- TASK OBJECTIVE: Below are entries; work out how many of their lines hold "where", giving only that number.

- EXERCISE INPUT:
lemma dissociation_set_card_le:
  assumes G: "simple_graph V E" "connected_graph V E" "max_degree_le V E \<Delta>"
    and "\<Delta> \<ge> 1" and D: "dissociation_set V E D"
  shows "card D \<le> 2 + 2 * ((\<Delta> - 1) * (card V - card D))"
proof -
  have DV: "D \<subseteq> V" and "finite V"
    using D G(1) unfolding dissociation_set_def simple_graph_def by blast+
  obtain T where "separated_within E D T" and DT: "card D \<le> 2 * card T"
    using dissociation_set_separated_half[OF G(1) D] by blast
  moreover have "V - (V - D) = D"
    using DV by blast
  ultimately have "card T \<le> 1 + (\<Delta> - 1) * card (V - D)"
    using card_separated_within_le[OF G, of "V - D" T] \<open>\<Delta> \<ge> 1\<close> by auto
  also have "card (V - D) = card V - card D"
    using DV \<open>finite V\<close> by (simp add: card_Diff_subset finite_subset)
  finally show ?thesis
    using DT by linarith
qed

lemma independence_number_ge:
  assumes "finite V" and "independent_set V E S"
  shows "card S \<le> independence_number V E"
proof -
  have "finite (card ` {S. independent_set V E S})"
    using assms(1) unfolding independent_set_def by (simp add: finite_subset)
  then show ?thesis
    unfolding independence_number_def using assms(2) by (intro Max_ge) auto
qed

lemma bipartite_card_le_twice_independence_number:
  assumes "finite V" and "bipartite V E"
  shows "card V \<le> 2 * independence_number V E"
proof -
  obtain A B where AB: "A \<union> B = V" "A \<inter> B = {}"
    "\<forall>u v. E u v \<longrightarrow> (u \<in> A \<and> v \<in> B) \<or> (u \<in> B \<and> v \<in> A)"
    using assms(2) unfolding bipartite_def by blast
  have "independent_set V E A" and "independent_set V E B"
    using AB unfolding independent_set_def by blast+
  moreover have "card V = card A + card B"
    using AB assms(1) by (metis card_Un_disjoint finite_Un)
  ultimately show ?thesis
    using independence_number_ge[OF assms(1)] by (metis add_mono mult_2)
qed

lemma dissociation_number_attained:
  assumes "finite V"
  obtains D where "dissociation_set V E D" and "card D = dissociation_number V E"
proof -
  have "finite {S. dissociation_set V E S}"
    using assms unfolding dissociation_set_def by (simp add: finite_subset)
  moreover have "dissociation_set V E {}"
    unfolding dissociation_set_def by simp
  ultimately have "dissociation_number V E \<in> card ` {S. dissociation_set V E S}"
    unfolding dissociation_number_def by (intro Max_in) auto
  then show ?thesis using that by auto
qed

lemma rearrange_dissociation_bound:
  fixes k d n a :: real
  assumes "d \<le> 2 + 2 * k * (n - d)" and "n \<le> 2 * a" and "k \<ge> 1"
  shows "1/2 * (1 + 1 / (2 * k)) * d - 1 / (2 * k) \<le> a"
proof -
  have "k * n \<le> k * (2 * a)"
    using assms by (intro mult_left_mono) auto
  then have bound: "(2 * k + 1) * d - 2 \<le> a * (4 * k)"
    using assms(1) by (simp add: algebra_simps)
  have "1/2 * (1 + 1 / (2 * k)) * d - 1 / (2 * k) = ((2 * k + 1) * d - 2) / (4 * k)"
    using assms(3) by (simp add: field_simps)
  also have "\<dots> \<le> a"
    using bound assms(3) by (simp add: pos_divide_le_eq)
  finally show ?thesis .
qed

theorem proposition1:
  fixes V :: "'a set" and E :: "'a \<Rightarrow> 'a \<Rightarrow> bool" and \<Delta> :: nat
  assumes "\<Delta> \<ge> 2"
    and "simple_graph V E"
    and "connected_graph V E"
    and "bipartite V E"
    and "max_degree_le V E \<Delta>"
  shows "real (independence_number V E) \<ge>
           1/2 * (1 + 1 / (2 * (real \<Delta> - 1))) * real (dissociation_number V E)
           - 1 / (2 * (real \<Delta> - 1))"
proof -
  have finV: "finite V"
    using assms(2) unfolding simple_graph_def by auto
  obtain D where D: "dissociation_set V E D" and d: "card D = dissociation_number V E"
    using dissociation_number_attained[OF finV] by blast
  have DV: "card D \<le> card V"
    using D finV card_mono unfolding dissociation_set_def by blast
  have "card D \<le> 2 + 2 * ((\<Delta> - 1) * (card V - card D))"
    using dissociation_set_card_le[OF assms(2,3,5) _ D] assms(1) by simp
  then have "real (card D) \<le> real (2 + 2 * ((\<Delta> - 1) * (card V - card D)))"
    by (simp only: of_nat_le_iff)
  also have "\<dots> = 2 + 2 * (real \<Delta> - 1) * (real (card V) - real (card D))"
    using assms(1) DV by (simp add: of_nat_diff)
  finally have "real (card D) \<le> 2 + 2 * (real \<Delta> - 1) * (real (card V) - real (card D))" .
  moreover have "real (card V) \<le> 2 * real (independence_number V E)"
    using bipartite_card_le_twice_independence_number[OF finV assms(4)] by simp
  moreover have "1 \<le> real \<Delta> - 1"
    using assms(1) by simp
  ultimately show ?thesis
    unfolding d[symmetric] by (rule rearrange_dissociation_bound)
qed

end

- RESULT OF THE EXERCISE: 4